4.3 Les nouvelles problématiques de la biographie.
Aujourd'hui cette quête d'identité n'a pas disparu, mais elle tend a être dominé par la pluralité des biographies. De même que les méthodes du biographes dites « chorales », car il faut resituer les phénomènes d'interactions, d'enchevêtrement des vies, ainsi que l'implication du biographe à son évocation à l'autre. C'est une biographie, non plus fixiste sous le régime de la mêmeté, mais en mutation constante. Et dont la temporalité est le discriminant principale. A cette multiplicité, émerge une nouvelle problématique, opposée aux concepts fixistes des vitae, celle de la deconstruction des processus d'individualisation, sans principe unitaire au profit de la diversité des grandeurs. A cette impasse, Paul Ricoeur a avancé l'idée d'une centralité de l'identité narrative qui répond à la question posée par Hannah Arendt « Qui? » de l'action, ce qui revient à raconter l'histoire d'une vie, cet identité est éssentiellement narrative. C'est l'identité soi-même, qui confronte le sujet au temps, au changement, à des mutations constitutives dans le rapport à autre. L'émergence d'un soi, qui n'est plus un moi du fait des altérations provenant de sa relation avec l'autre et de sa traversée du temps, offre un moyen de sortir de « l'illusion biographique » dénoncée par la sociologie bourdieusienne. L'autre grande mutation subie par le genre biographique se situe au plan de son régime de vérité. Auparavant, le genre biographique était purement éssentialiste, plus que des figurees singulières, c'était la vertu incarnée par tel ou tel personnage qui était visée. Aujourd'hui, ce genre implique un pacte de vérité. Cet exigence rapproche la biographie de la discipline historique dont le fondement est similaire, depuis Thucydide. Dans la mesure ou, le réel perçu par l'historien doit être envisagé dans sa complexité, la biographie permet de participer au tournant interprétatif adopté par les travaux historiques actuels et atteste de la nécessité de ne pas se laisser enfermé dans cette fausse alternative entre schéma monocausal organisateur et dérive esthétisante. La biographie joue aussi un rôle de rite d'enterrement, en honorant les morts et en participant à leur élimination de la scène des vivants. (sans parler de marquer le passé pour redistribuer l'espace des possibles). En rajoutant à la pratique de l'histoire « l'effet du vécu », d'ou l'importance de la réthorique, du mode de narration pour redonner chair et forme à des figures disparues.

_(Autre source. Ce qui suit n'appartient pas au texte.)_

theorem mainTheorem9:
  fixes J C D :: nat and Q :: "nat \<Rightarrow> nat" and Delta :: "nat \<Rightarrow> nat \<Rightarrow> nat"
    and S :: "nat \<Rightarrow> nat set set"
  assumes "C \<ge> 1"
    and "\<forall>j<J. Q j \<ge> 2"
    and "\<forall>j<J. \<forall>c<C. Delta j c < D"
    and "S 0 \<union> S 1 \<union> S 2 = pooled J C Delta"
    and "S 0 \<inter> S 1 = {}" and "S 0 \<inter> S 2 = {}" and "S 1 \<inter> S 2 = {}"
  shows "\<exists>N \<in> null_sets (param_measure J Q C D Delta).
           \<forall>x \<in> space (param_measure J Q C D Delta).
             in_simplices J Q C D Delta x
             \<and> (\<forall>(c,d)\<in>domains J C D Delta.
                   \<not> kron_separable Q (Jset J Delta c d) (theta_dist J Q Delta x c d))
             \<and> x \<notin> N
             \<longrightarrow> (\<forall>k<3. kruskal_rank (A_rows Q (S k)) C (A_col J Q C D Delta (S k) x)
                          = min C (\<Prod>j\<in>\<Union>(S k). Q j))"
proof -
  let ?M = "param_measure J Q C D Delta"
  have "S k \<subseteq> pooled J C Delta" if "k < 3" for k
  proof -
    have "k = 0 \<or> k = 1 \<or> k = 2" using that by auto
    then show ?thesis using assms(4) by auto
  qed
  then have "\<forall>k\<in>{..<3}. \<exists>N \<in> null_sets ?M. \<forall>x \<in> space ?M. x \<notin> N \<longrightarrow>
               kruskal_rank (A_rows Q (S k)) C (A_col J Q C D Delta (S k) x) = min C (\<Prod>j\<in>\<Union>(S k). Q j)"
    using generic_kruskal_rank[OF assms(1-3)] by simp
  from bchoice[OF this[unfolded Bex_def]] obtain N where N: "\<forall>k\<in>{..<3}. N k \<in> null_sets ?M \<and> (\<forall>x \<in> space ?M.
      x \<notin> N k \<longrightarrow> kruskal_rank (A_rows Q (S k)) C (A_col J Q C D Delta (S k) x) = min C (\<Prod>j\<in>\<Union>(S k). Q j))"
    by blast
  have "(\<Union>k<3. N k) \<in> null_sets ?M"
    using N by (intro null_sets_UN') auto
  then show ?thesis using N by (intro bexI[of _ "\<Union>k<3. N k"]) auto
qed

end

Le retour du genre biographique, marque un tournant dans la discipline historique. On s'interroge sur l'action humaine dotée de sens, l'intentionnalité, la justification des acteurs, les traces mémorielles. En mettant plus d'importance aux logiques individuelles, singulières s'insinuant à l'intérieure des logiques structurelles. Dans le milieu des années 70, un succés éditoriale important, va surprendre celui de la biographie de Louis XI de Paul Muray Kendall. Georgette Elgey, responsable éditoriale chez Fayard, tire les leçons et commande Philippe Le Bel au médiéviste Jean Favier qu'il publi en 1978. Elle commande aussi un Napoléon au spécialiste universitaire des études napoléonienne Jean Tulard. Bien qu'hésitant au début, ce dernier fini par accepter, et abouti en 1977. La collection s'impose avec l'arrivée en 1985 de Denis Maraval, parvenant à convaincre les universitaires de quitter leurs chantiers classiques pour lui écrire une biographie. Parmi eux on retrouve même certains représentants des annales comme Marc Ferro et son Pétain en 1987, ou Pierre Goubert grand maître de l'histoire quantitative démographique, qui fit une biographie de Mazarin en 1990. Bien évidemment ce dernier s'est dépéché de déplacer l'attention, vers les 20 millions de français, et à hisser Mazarin en un héros quasi-surnaturelle. D'ailleurs déjà, il écrivait en 1966 Louis XIV et vingt millions de français. Le retour le plus spéctaculaire aux biographies, et celui de Jacques Le Goff, avec la publication de son Saint Louis, Son but, bien évidemment est d'en faire un portrait immergé dans son époque, et à travers lui interroger toute une période. Se basant pour cela, sur le sources se trouvant à Saint Denis, et par les écrits d'un des contemporain de ce dernier: Joinville. Il raconte sa vie en trois mouvement: en premier lieu et rapidement, la vie de Saint Louis. En second lieu, il déconstruit le mythe et se demande si Saint Louis a bien existé, pour bien faire apparaître le vrai individu de Saint Louis. Puis il redonne chair à son personnage en montrant en quoi Saint Louis prend une place singulière dans les imaginaires et pratiques collectives. (c'est une approche déconstruction et reollection du sens).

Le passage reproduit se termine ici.